◆ INSTRUCTIONS TO FOLLOW
Retrieve every line from the records in which the word "imports" occurs.

◆ RECORD SET
(* Let $\mathcal{G}^{\mathrm{los}}=(\mathcal{V},\mathcal{E}^{\mathrm{los}})$ be a finite undirected graph with vertex set partitioned into subgroups $\mathcal{V}_1,\dots,\mathcal{V}_M$, such that $\mathcal{G}^{\mathrm{los}}$ is connected and each induced subgraph $\mathcal{G}^{\mathrm{los}}[\mathcal{V}_m]$ is connected. Let each edge $(v_i,v_j)\in\mathcal{E}^{\mathrm{los}}$ carry a real weight $w^{\mathrm{d+los}}_{i,j}=w^{\mathrm{los}}_{i,j}+w^{\mathrm{d}}_{i,j}$, and define $w'_{i,j}=-\beta w^{\mathrm{d+los}}_{i,j}$ if $v_i,v_j$ lie in the same subgroup and $w'_{i,j}=-w^{\mathrm{d+los}}_{i,j}$ otherwise, where $\beta\gg1$ is chosen so that every intra-subgroup weight $w'_{i,j}$ is strictly smaller than every inter-subgroup weight $w'_{i',j'}$. Let $\bar{\mathcal{T}}$ (the ULOS-LCT) be a spanning tree of $\mathcal{G}^{\mathrm{los}}$ minimizing $\sum_{(v_i,v_j)\in\mathcal{E}(\mathcal{T})}w'_{i,j}$ over all spanning trees $\mathcal{T}$ of $\mathcal{G}^{\mathrm{los}}$. Then (i) $\bar{\mathcal{T}}$ is globally and subgroup LOS connected, i.e. it spans $\mathcal{V}$ and each induced subgraph $\bar{\mathcal{T}}[\mathcal{V}_m]$, $m=1,\dots,M$, is connected; and (ii) $\bar{\mathcal{T}}$ is least violated under the nominal controller among candidate trees, i.e. it minimizes $\sum_{(v_i,v_j)\in\mathcal{E}(\mathcal{T})}\big(-w^{\mathrm{d+los}}_{i,j}\big)$ over all spanning trees $\mathcal{T}$ of $\mathcal{G}^{\mathrm{los}}$ for which every $\mathcal{T}[\mathcal{V}_m]$ is connected.
   Context: Interpretation: vertices are robots, edges are currently Line-of-Sight (LOS) connected pairs (within communication range and with unobstructed segment). The weights quantify, under the nominal task controller $\tilde{\mathbf u}$, how far the pairwise LOS constraints are from being violated (larger $w^{\mathrm{d+los}}_{i,j}$ = less violation). In the paper $w^{\mathrm{los}}_{i,j}=\frac1L\sum_{o=1}^L\big(\dot h^{\mathrm{los}}_{i,j,o}(\hat{\mathbf x},\mathbf x^{\mathrm{obs}},\tilde{\mathbf u})+\gamma h^{\mathrm{los}}_{i,j,o}(\hat{\mathbf x},\mathbf x^{\mathrm{obs}})\big)$ (average margin of the occlusion-free barrier constraints over $L$ obstacle points) and $w^{\mathrm{d}}_{i,j}$ is the margin $f^{\sigma^{\mathrm c}}_{i,j}-B^{\sigma^{\mathrm c}}_{i,j}\tilde{\mathbf u}$ of the linear probabilistic communication-distance constraints $B^{\sigma^{\mathrm c}}_{i,j}\mathbf u\le f^{\sigma^{\mathrm c}}_{i,j}$; the result only uses that each $w^{\mathrm{d+los}}_{i,j}$ is a real number. A graph is subgroup LOS connected if each of its induced subgraphs on $\mathcal{V}_m$ is connected. *)

theory Defs
  imports Main "HOL.Real"
begin
(* Let $F(\lambda)$, $\lambda\in(\sigma,\tau)$, satisfy the standing assumptions (A1)–(A3) below. Suppose there is a family of quadratic forms $\mathfrak f(\lambda)[y]$, $\lambda\in(\sigma,\tau)$, such that: (i) for every $\lambda_0\in(\sigma,\tau)$, $\mathfrak f(\lambda_0)$ is the closure of the form $y\mapsto\langle F(\lambda_0)y,y\rangle_{\mathfrak H}$ defined on $\mathfrak D(F(\lambda_0))$; (ii) the domain of $\mathfrak f(\lambda_0)$ is a subspace $\mathfrak D(\mathfrak f)$ independent of $\lambda_0$; (iii) for all $\lambda_1<\lambda_2$ in $(\sigma,\tau)$ the form $\mathfrak f(\lambda_1)[y]-\mathfrak f(\lambda_2)[y]$ on $\mathfrak D(\mathfrak f)$ is positive (strictly positive for $y\neq 0$). Then for every half-open interval $[\xi_1,\xi_2)$ with $[\xi_1,\xi_2]\subset(\sigma,\tau)$, \[ \mathcal N_F(\xi_1,\xi_2)=\nu_F(\xi_2)-\nu_F(\xi_1). \]
   Context: Standing assumptions on $F$: (A1) for every $\lambda_0\in(\sigma,\tau)$, $F(\lambda_0)$ is a self-adjoint operator in a Hilbert space $\mathfrak H$ with compact resolvent; (A2) for every $\lambda_0\in(\sigma,\tau)$ there exist a real $\mu$ and a neighbourhood $\mathcal U(\lambda_0)$ with compact closure in $(\sigma,\tau)$ such that $F(\lambda_1)-\mu\geqslant 0$ for all $\lambda_1\in\mathcal U(\lambda_0)$; (A3) $\lambda\mapsto (F(\lambda)-i)^{-1}$ is continuous on $(\sigma,\tau)$ in the operator norm. A number $\lambda_0$ is an eigenvalue of multiplicity $m$ of $F$ if $0$ is an eigenvalue of multiplicity $m$ of $F(\lambda_0)$. $\mathcal N_F(\xi_1,\xi_2)$ is the number of eigenvalues of $F$ in $[\xi_1,\xi_2)$ counted with multiplicity; $\nu_F(\lambda_0)$ is the number of negative eigenvalues of $F(\lambda_0)$ counted with multiplicity. Closure of a quadratic form is in the sense of Kato's perturbation theory. *)

theory Defs
  imports "HOL-Analysis.Analysis"
begin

◆ RESULT OF THIS TASK
  imports Main "HOL.Real"
  imports "HOL-Analysis.Analysis"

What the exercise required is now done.